Brief -
From the opening line of the records through the line bearing "s powr p)))", set down every line exactly.

Task material -
lemma positive_solution_flux_bounded_below:
  assumes sol: "positive_solution N p lam b u du ddu" and "N \<ge> 1" and "0 \<le> p" and "0 < b"
  obtains B where "B \<ge> 0" and "\<forall>r\<in>{0..<b}. - B \<le> r ^ (N - 1) * du r"
proof -
  have u_cont: "continuous_on {0..b} u" and du_cont: "continuous_on {0..<b} du"
    and u_pos: "\<forall>r\<in>{0..<b}. u r > 0" and "du 0 = 0"
    using sol unfolding positive_solution_def by auto
  obtain M where M: "\<forall>r\<in>{0..b}. \<bar>u r\<bar> \<le> M"
    using compact_imp_bounded[OF compact_continuous_image[OF u_cont compact_Icc]]
    by (metis bounded_real image_eqI)
  have "0 \<le> M" using M[rule_format, of 0] assms(4) by auto
  define K where "K = b ^ (N - 1) * (\<bar>lam\<bar> * M + M powr p)"
  have "0 \<le> K" unfolding K_def using \<open>0 \<le> M\<close> assms(4) by simp
  have "- (K * b) \<le> r ^ (N - 1) * du r" if r: "r \<in> {0..<b}" for r
  proof -
    have "0 ^ (N - 1) * du 0 - K * (r - 0) \<le> r ^ (N - 1) * du r"
    proof (rule DERIV_lower_bound_by_slope[where f = "\<lambda>s. s ^ (N - 1) * du s"])
      show "continuous_on {0..r} (\<lambda>s. s ^ (N - 1) * du s)"
        using du_cont r by (auto intro!: continuous_intros elim: continuous_on_subset)
    next
      fix s assume s: "0 < s" "s < r"
      then show "((\<lambda>s. s ^ (N - 1) * du s) has_real_derivative
                   - (s ^ (N - 1) * (lam * u s + u s powr p))) (at s)"
        using positive_solution_flux_has_real_derivative[OF sol \<open>N \<ge> 1\<close>] r by simp
      have "0 \<le> u s" "u s \<le> M" "s ^ (N - 1) \<le> b ^ (N - 1)"
        using s r u_pos M[rule_format, of s] by (auto simp: less_imp_le intro: power_mono)
      then have "lam * u s + u s powr p \<le> \<bar>lam\<bar> * M + M powr p"
        using assms(3) by (intro add_mono powr_mono2 order.trans[OF mult_right_mono mult_left_mono]) auto
      then have "s ^ (N - 1) * (lam * u s + u s powr p) \<le> s ^ (N - 1) * (\<bar>lam\<bar> * M + M powr p)"
        using s by (simp add: mult_left_mono)
      also have "\<dots> \<le> K"
        unfolding K_def using \<open>s ^ (N - 1) \<le> b ^ (N - 1)\<close> \<open>0 \<le> M\<close> by (simp add: mult_right_mono)
      finally show "- K \<le> - (s ^ (N - 1) * (lam * u s + u s powr p))" by simp
    qed (use r in simp)
    moreover have "K * r \<le> K * b" using r \<open>0 \<le> K\<close> by (simp add: mult_left_mono)
    ultimately show ?thesis using \<open>du 0 = 0\<close> by simp
  qed
  moreover have "0 \<le> K * b" using \<open>0 \<le> K\<close> assms(4) by simp
  ultimately show ?thesis using that by blast
qed

definition radial_wronskian ::
  "nat \<Rightarrow> (real \<Rightarrow> real) \<Rightarrow> (real \<Rightarrow> real) \<Rightarrow> (real \<Rightarrow> real) \<Rightarrow> (real \<Rightarrow> real) \<Rightarrow> real \<Rightarrow> real"
where
  "radial_wronskian N u du phi dphi r = r ^ (N - 1) * (du r * phi r - u r * dphi r)"

lemma radial_wronskian_has_real_derivative:
  assumes sol: "positive_solution N p lam b u du ddu"
    and lin: "linear_solution N lam phi dphi ddphi"
    and "N \<ge> 1" and "0 < r" "r < b"
  shows "(radial_wronskian N u du phi dphi has_real_derivative
           - (r ^ (N - 1) * phi r * u r powr p)) (at r)"
proof -
  have dd: "(dphi has_real_derivative ddphi r) (at r)"
    and ode: "ddphi r + (real N - 1) / r * dphi r + lam * phi r = 0"
    using lin \<open>0 < r\<close> unfolding linear_solution_def by auto
  have "ddphi r + (real N - 1) / r * dphi r = - (lam * phi r)"
    using ode by linarith
  then have flux_phi: "((\<lambda>s. s ^ (N - 1) * dphi s) has_real_derivative
                        - (r ^ (N - 1) * (lam * phi r))) (at r)"
    using radial_flux_has_real_derivative[OF \<open>N \<ge> 1\<close> \<open>0 < r\<close> dd] by (simp only: mult_minus_right)
  have "radial_wronskian N u du phi dphi =
          (\<lambda>s. (s ^ (N - 1) * du s) * phi s - (s ^ (N - 1) * dphi s) * u s)"
    by (auto simp: radial_wronskian_def fun_eq_iff algebra_simps)
  moreover have "((\<lambda>s. (s ^ (N - 1) * du s) * phi s - (s ^ (N - 1) * dphi s) * u s)
      has_real_derivative - (r ^ (N - 1) * phi r * u r powr p)) (at r)"
    using DERIV_diff[OF
        DERIV_mult[OF positive_solution_flux_has_real_derivative[OF sol \<open>N \<ge> 1\<close> \<open>0 < r\<close> \<open>r < b\<close>]
                      linear_solution_DERIV[OF lin \<open>0 < r\<close>]]
        DERIV_mult[OF flux_phi positive_solution_DERIV[OF sol \<open>0 < r\<close> \<open>r < b\<close>]]]
    by (simp add: algebra_simps)
  ultimately show ?thesis by simp
qed

lemma radial_wronskian_continuous_on:
  assumes "positive_solution N p lam b u du ddu" and "linear_solution N lam phi dphi ddphi"
  shows "continuous_on {0..<b} (radial_wronskian N u du phi dphi)"
proof -
  have "continuous_on {0..b} u" "continuous_on {0..<b} du"
    using assms(1) unfolding positive_solution_def by auto
  moreover have "continuous_on {0..} phi" "continuous_on {0..} dphi"
    using linear_solution_continuous_on[OF assms(2)] assms(2) unfolding linear_solution_def by auto
  ultimately have "continuous_on {0..<b} u" "continuous_on {0..<b} du"
    "continuous_on {0..<b} phi" "continuous_on {0..<b} dphi"
    by (auto elim!: continuous_on_subset)
  then show ?thesis
    unfolding radial_wronskian_def[abs_def] by (intro continuous_intros)
qed

lemma radial_wronskian_strict_decreasing:
  assumes sol: "positive_solution N p lam b u du ddu"
    and lin: "linear_solution N lam phi dphi ddphi"
    and "N \<ge> 1" and "c \<le> b" and phi_pos: "\<forall>r\<in>{0..<c}. phi r > 0"
    and "0 \<le> s" "s < t" "t < c"
  shows "radial_wronskian N u du phi dphi t < radial_wronskian N u du phi dphi s"
proof (rule DERIV_neg_imp_decreasing_open[where f = "radial_wronskian N u du phi dphi"])
  fix r assume "s < r" "r < t"
  then have "0 < r" "r < b" "phi r > 0" "u r > 0"
    using assms sol unfolding positive_solution_def by auto
  then show "\<exists>y. (radial_wronskian N u du phi dphi has_real_derivative y) (at r) \<and> y < 0"
    using radial_wronskian_has_real_derivative[OF sol lin \<open>N \<ge> 1\<close>] by fastforce
next
  show "continuous_on {s..t} (radial_wronskian N u du phi dphi)"
    using radial_wronskian_continuous_on[OF sol lin] assms(4,6-8)
    by (elim continuous_on_subset) auto
qed (fact \<open>s < t\<close>)

lemma radial_wronskian_lower_bound_at_first_zero:
  assumes sol: "positive_solution N p lam b u du ddu"
    and lin: "linear_solution N lam phi dphi ddphi"
    and "N \<ge> 1" and "0 \<le> p" and "0 < c" "c \<le> b"
    and "phi c \<le> 0" and phi_pos: "\<forall>r\<in>{0..<c}. phi r > 0"
  obtains h where "continuous_on {0..c} h" and "0 \<le> h c"
    and "\<forall>r\<in>{0..<c}. h r \<le> radial_wronskian N u du phi dphi r"
proof -
  obtain B where "B \<ge> 0" and flux: "\<forall>r\<in>{0..<b}. - B \<le> r ^ (N - 1) * du r"
    using positive_solution_flux_bounded_below[OF sol \<open>N \<ge> 1\<close> \<open>0 \<le> p\<close>] assms(5,6) by auto
  define h where "h = (\<lambda>r. - B * phi r - r ^ (N - 1) * u r * dphi r)"
  have "continuous_on {0..b} u"
    using sol unfolding positive_solution_def by auto
  moreover have "continuous_on {0..} phi" "continuous_on {0..} dphi"
    using linear_solution_continuous_on[OF lin] lin unfolding linear_solution_def by auto
  ultimately have "continuous_on {0..c} u" "continuous_on {0..c} phi" "continuous_on {0..c} dphi"
    using \<open>c \<le> b\<close> by (auto elim!: continuous_on_subset)
  then have "continuous_on {0..c} h"
    unfolding h_def by (intro continuous_intros)
  moreover have "0 \<le> h c"
  proof -
    have "dphi c \<le> 0"
      using DERIV_nonpos_at_left_crossing[OF linear_solution_DERIV[OF lin \<open>0 < c\<close>] \<open>phi c \<le> 0\<close> \<open>0 < c\<close>]
        phi_pos by auto
    moreover have "0 \<le> u c"
      using sol \<open>0 < c\<close> \<open>c \<le> b\<close> unfolding positive_solution_def
      by (cases "c = b") (auto simp: less_imp_le)
    ultimately have "c ^ (N - 1) * u c * dphi c \<le> 0"
      using \<open>0 < c\<close> by (intro mult_nonneg_nonpos) auto
    moreover have "0 \<le> - B * phi c"
      using \<open>B \<ge> 0\<close> \<open>phi c \<le> 0\<close> by (intro mult_nonpos_nonpos) auto
    ultimately show ?thesis unfolding h_def by linarith
  qed
  moreover have "h r \<le> radial_wronskian N u du phi dphi r" if r: "r \<in> {0..<c}" for r
  proof -
    have "0 < phi r" using phi_pos r by blast
    then have "- B * phi r \<le> (r ^ (N - 1) * du r) * phi r"
      using flux r \<open>c \<le> b\<close> by (intro mult_right_mono) auto
    then show ?thesis unfolding h_def radial_wronskian_def by (simp add: algebra_simps)
  qed
  ultimately show ?thesis using that by blast
qed

lemma linear_solution_no_first_zero:
  assumes sol: "positive_solution N p lam b u du ddu"
    and lin: "linear_solution N lam phi dphi ddphi"
    and "N \<ge> 1" and "0 \<le> p"
    and first_zero: "0 < c" "c \<le> b" "phi c \<le> 0" "\<forall>r\<in>{0..<c}. phi r > 0"
  shows False
proof -
  obtain h where h_cont: "continuous_on {0..c} h" and "0 \<le> h c"
    and h_le: "\<forall>r\<in>{0..<c}. h r \<le> radial_wronskian N u du phi dphi r"
    using radial_wronskian_lower_bound_at_first_zero[OF sol lin assms(3,4) first_zero] by blast
  let ?W = "radial_wronskian N u du phi dphi"
  have W_dec: "?W t < ?W s" if "0 \<le> s" "s < t" "t < c" for s t
    using radial_wronskian_strict_decreasing[OF sol lin \<open>N \<ge> 1\<close> first_zero(2,4) that] .
  have "?W 0 = 0"
    using sol lin unfolding radial_wronskian_def positive_solution_def linear_solution_def by simp
  then have "?W (c/2) < 0" using W_dec[of 0 "c/2"] \<open>0 < c\<close> by simp
  have "\<forall>\<^sub>F r in at_left c. r \<in> {c/2<..<c}"
    using \<open>0 < c\<close> by (intro eventually_at_left_real) simp
  then have "\<forall>\<^sub>F r in at_left c. h r \<le> ?W (c/2)"
  proof (rule eventually_mono)
    fix r assume r: "r \<in> {c/2<..<c}"
    then have "h r \<le> ?W r" using h_le \<open>0 < c\<close> by simp
    also have "?W r < ?W (c/2)" using W_dec[of "c/2" r] r \<open>0 < c\<close> by simp
    finally show "h r \<le> ?W (c/2)" by simp
  qed
  with continuous_on_Icc_at_leftD[OF h_cont \<open>0 < c\<close>] have "h c \<le> ?W (c/2)"
    by (rule tendsto_upperbound) simp
  with \<open>0 \<le> h c\<close> \<open>?W (c/2) < 0\<close> show False by linarith
qed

Result -
lemma positive_solution_flux_bounded_below:
  assumes sol: "positive_solution N p lam b u du ddu" and "N \<ge> 1" and "0 \<le> p" and "0 < b"
  obtains B where "B \<ge> 0" and "\<forall>r\<in>{0..<b}. - B \<le> r ^ (N - 1) * du r"
proof -
  have u_cont: "continuous_on {0..b} u" and du_cont: "continuous_on {0..<b} du"
    and u_pos: "\<forall>r\<in>{0..<b}. u r > 0" and "du 0 = 0"
    using sol unfolding positive_solution_def by auto
  obtain M where M: "\<forall>r\<in>{0..b}. \<bar>u r\<bar> \<le> M"
    using compact_imp_bounded[OF compact_continuous_image[OF u_cont compact_Icc]]
    by (metis bounded_real image_eqI)
  have "0 \<le> M" using M[rule_format, of 0] assms(4) by auto
  define K where "K = b ^ (N - 1) * (\<bar>lam\<bar> * M + M powr p)"
  have "0 \<le> K" unfolding K_def using \<open>0 \<le> M\<close> assms(4) by simp
  have "- (K * b) \<le> r ^ (N - 1) * du r" if r: "r \<in> {0..<b}" for r
  proof -
    have "0 ^ (N - 1) * du 0 - K * (r - 0) \<le> r ^ (N - 1) * du r"
    proof (rule DERIV_lower_bound_by_slope[where f = "\<lambda>s. s ^ (N - 1) * du s"])
      show "continuous_on {0..r} (\<lambda>s. s ^ (N - 1) * du s)"
        using du_cont r by (auto intro!: continuous_intros elim: continuous_on_subset)
    next
      fix s assume s: "0 < s" "s < r"
      then show "((\<lambda>s. s ^ (N - 1) * du s) has_real_derivative
                   - (s ^ (N - 1) * (lam * u s + u s powr p))) (at s)"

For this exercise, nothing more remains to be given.